Odom is back, but he's just visiting

January 01, 2007|Mike Bresnahan | Times Staff Writer

The Lakers finally returned to Staples Center. So did Lamar Odom, but only for a quick drop-in.

The Lakers forward missed his 10th game Sunday because of a sprained ligament in his knee. He is out until at least Jan. 10, and possibly until early February, although there seems to be no rush as long as the Lakers hover seven to nine games above .500.

"It's getting better," Odom said. "It's still going to take some time, though, a little longer than I expected. I've got to wait until I'm ready.
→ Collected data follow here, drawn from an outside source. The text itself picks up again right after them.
lemma finitely_accessible_imp_pm_scott_continuous:
  assumes pm: "partial_metric X p" and leq: "\<forall>x\<in>X. \<forall>y\<in>X. le x y \<longleftrightarrow> pm_le p x y"
    and acc: "pm_balls_finitely_accessible X le p"
  shows "pm_scott_continuous X le p"
  unfolding pm_scott_continuous_def
proof (intro ballI allI impI)
  fix x D s assume x: "x \<in> X" and Ds: "directed_in X le D \<and> is_lub_in X le D s"
  have DX: "D \<subseteq> X" and sX: "s \<in> X" and ub: "\<forall>d\<in>D. le d s"
    using Ds unfolding directed_in_def is_lub_in_def by auto
  have "p x s \<le> p x d" if "d \<in> D" for d
    using partial_metric_antimono[OF pm _ sX x] that ub leq DX sX by blast
  then have lower: "p x s \<le> (INF d\<in>D. p x d)" by (rule INF_greatest)
  have "(INF d\<in>D. p x d) \<le> p x s"
  proof (rule ennreal_le_epsilon)
    fix e :: real assume fin: "p x s < top" and e: "e > 0"
    obtain \<epsilon> where "\<epsilon> > 0" and radius: "p x x + ennreal \<epsilon> = p x s + ennreal e"
      using ennreal_exists_pos_add_eq[OF partial_metric_self_le[OF pm x sX] fin e] by blast
    have "s \<in> pm_ball X p x \<epsilon>"
      using sX fin e radius partial_metric_sym[OF pm x sX] by (simp add: mem_pm_ball)
    then obtain y' where y': "y' \<in> X" "way_below X le y' s" "y' \<in> pm_ball X p x \<epsilon>"
      using acc x \<open>\<epsilon> > 0\<close> unfolding pm_balls_finitely_accessible_def by blast
    have "le s s" using leq sX unfolding pm_le_def by blast
    then obtain d where d: "d \<in> D" "le y' d"
      using y'(2) Ds unfolding way_below_def by blast
    have "(INF d\<in>D. p x d) \<le> p x d" using d(1) by (rule INF_lower)
    also have "\<dots> \<le> p x y'"
      using partial_metric_antimono[OF pm y'(1) _ x] d DX leq y'(1) by blast
    also have "\<dots> < p x x + ennreal \<epsilon>"
      using y' partial_metric_sym[OF pm x y'(1)] by (simp add: mem_pm_ball)
    finally show "(INF d\<in>D. p x d) \<le> p x s + ennreal e" using radius by simp
  qed
  with lower show "p x s = (INF d\<in>D. p x d)" by (rule antisym)
qed
text \<open>On \<open>{\<rho> \<le> \<bar>z - m\<bar>}\<close> the density is at most \<open>exp (- l \<rho>\<^sup>2 / 4)\<close> times its own rescaling
  by \<open>1/\<surd>2\<close> about \<open>m\<close>, whose integral is \<open>\<surd>2\<^sup>d\<close>. The total mass is assumed rather than computed;
  it also shows that the normalising constant is positive, so nothing about \<open>det S\<close> is needed.\<close>

lemma gaussian_density_tail:
  fixes S :: "real^'n^'n"
  assumes S: "pos_def_matrix S"
    and total: "(\<integral>\<^sup>+x. ennreal (gaussian_density m S x) \<partial>lborel) = 1"
  shows "\<exists>l>0. \<forall>\<rho>\<ge>0.
           emeasure (density lborel (\<lambda>x. ennreal (gaussian_density m S x))) {z. \<rho> \<le> norm (z - m)}
             \<le> ennreal ((sqrt 2) ^ CARD('n) * exp (- l * \<rho>\<^sup>2))"
proof -
  obtain l where l: "l > 0" and Q_ge: "\<And>w. l * (norm w)\<^sup>2 \<le> w \<bullet> (matrix_inv S *v w)"
    using pos_def_matrix_inv_quadratic_ge[OF S] by blast
  define K where "K = sqrt ((2 * pi) ^ CARD('n) * det S)"
  define Q where "Q z = (z - m) \<bullet> (matrix_inv S *v (z - m))" for z
  define H where "H z = ennreal (exp (- Q z / 4) / K)" for z
  have g: "gaussian_density m S z = exp (- Q z / 2) / K" for z
    unfolding gaussian_density_def Q_def K_def by simp
  have K: "K > 0"
  proof (rule ccontr)
    assume "\<not> K > 0"
    then have "ennreal (gaussian_density m S z) = 0" for z
      unfolding g by (simp add: divide_nonneg_nonpos ennreal_neg)
    with total show False by simp
  qed
  have Q_cont: "continuous_on UNIV Q"
    unfolding Q_def
    by (intro continuous_intros bounded_linear.continuous_on[OF matrix_vector_mul_bounded_linear])
  have [measurable]: "H \<in> borel_measurable borel"
    unfolding H_def using K
    by (intro measurable_compose[OF _ measurable_ennreal] borel_measurable_continuous_onI
        continuous_intros continuous_on_compose2[OF Q_cont]) auto
  have H_rescaled: "H (m - sqrt 2 *\<^sub>R m + sqrt 2 *\<^sub>R x) = ennreal (gaussian_density m S x)" for x
  proof -
    have "m - sqrt 2 *\<^sub>R m + sqrt 2 *\<^sub>R x - m = sqrt 2 *\<^sub>R (x - m)" by (simp add: algebra_simps)
    then have "Q (m - sqrt 2 *\<^sub>R m + sqrt 2 *\<^sub>R x) = 2 * Q x"
      by (simp add: Q_def matrix_vector_mult_scaleR)
    then show ?thesis unfolding H_def g by simp
  qed
  have H_integral: "(\<integral>\<^sup>+x. H x \<partial>lborel) = ennreal ((sqrt 2) ^ CARD('n))"
    by (subst lborel_affine[of "sqrt 2" "m - sqrt 2 *\<^sub>R m"])
       (simp_all add: nn_integral_density nn_integral_distr nn_integral_cmult H_rescaled total)
  show ?thesis
  proof (intro exI[of _ "l / 4"] conjI allI impI)
    fix \<rho> :: real assume \<rho>: "\<rho> \<ge> 0"
    define F where "F = {z. \<rho> \<le> norm (z - m)}"
    have "ennreal (gaussian_density m S x) * indicator F x \<le> ennreal (exp (- l / 4 * \<rho>\<^sup>2)) * H x" for x
    proof (cases "x \<in> F")
      case True
      then have "l * \<rho>\<^sup>2 \<le> Q x"
        using Q_ge[of "x - m"] \<rho> l by (smt (verit) F_def Q_def mem_Collect_eq mult_left_mono power_mono)
      then have "gaussian_density m S x \<le> exp (- l / 4 * \<rho>\<^sup>2) * (exp (- Q x / 4) / K)"
        using K by (auto simp: g exp_add[symmetric] intro!: divide_right_mono)
      then show ?thesis using True K by (simp add: H_def ennreal_mult'' [symmetric])
    qed simp
    then have "emeasure (density lborel (\<lambda>x. ennreal (gaussian_density m S x))) F
                 \<le> (\<integral>\<^sup>+x. ennreal (exp (- l / 4 * \<rho>\<^sup>2)) * H x \<partial>lborel)"
      by (simp add: F_def emeasure_density nn_integral_mono)
    also have "\<dots> = ennreal ((sqrt 2) ^ CARD('n) * exp (- (l / 4) * \<rho>\<^sup>2))"
      by (subst nn_integral_cmult) (simp_all add: H_integral ennreal_mult'' [symmetric] mult.commute)
    finally show "emeasure (density lborel (\<lambda>x. ennreal (gaussian_density m S x))) {z. \<rho> \<le> norm (z - m)}
        \<le> ennreal ((sqrt 2) ^ CARD('n) * exp (- (l / 4) * \<rho>\<^sup>2))"
      by (simp add: F_def)
  qed (use l in simp)
qed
I want to play at 100%. This is something that I don't want to have happen again."

Odom's statement was incomplete with context: The day he went down -- Dec. 12 against Houston -- he said he hoped to be back in "maybe a week or two."

He wore a knee brace for a week and a half, but now walks without one. "It's not really painful," he said. "It's just, some ways I can't move it."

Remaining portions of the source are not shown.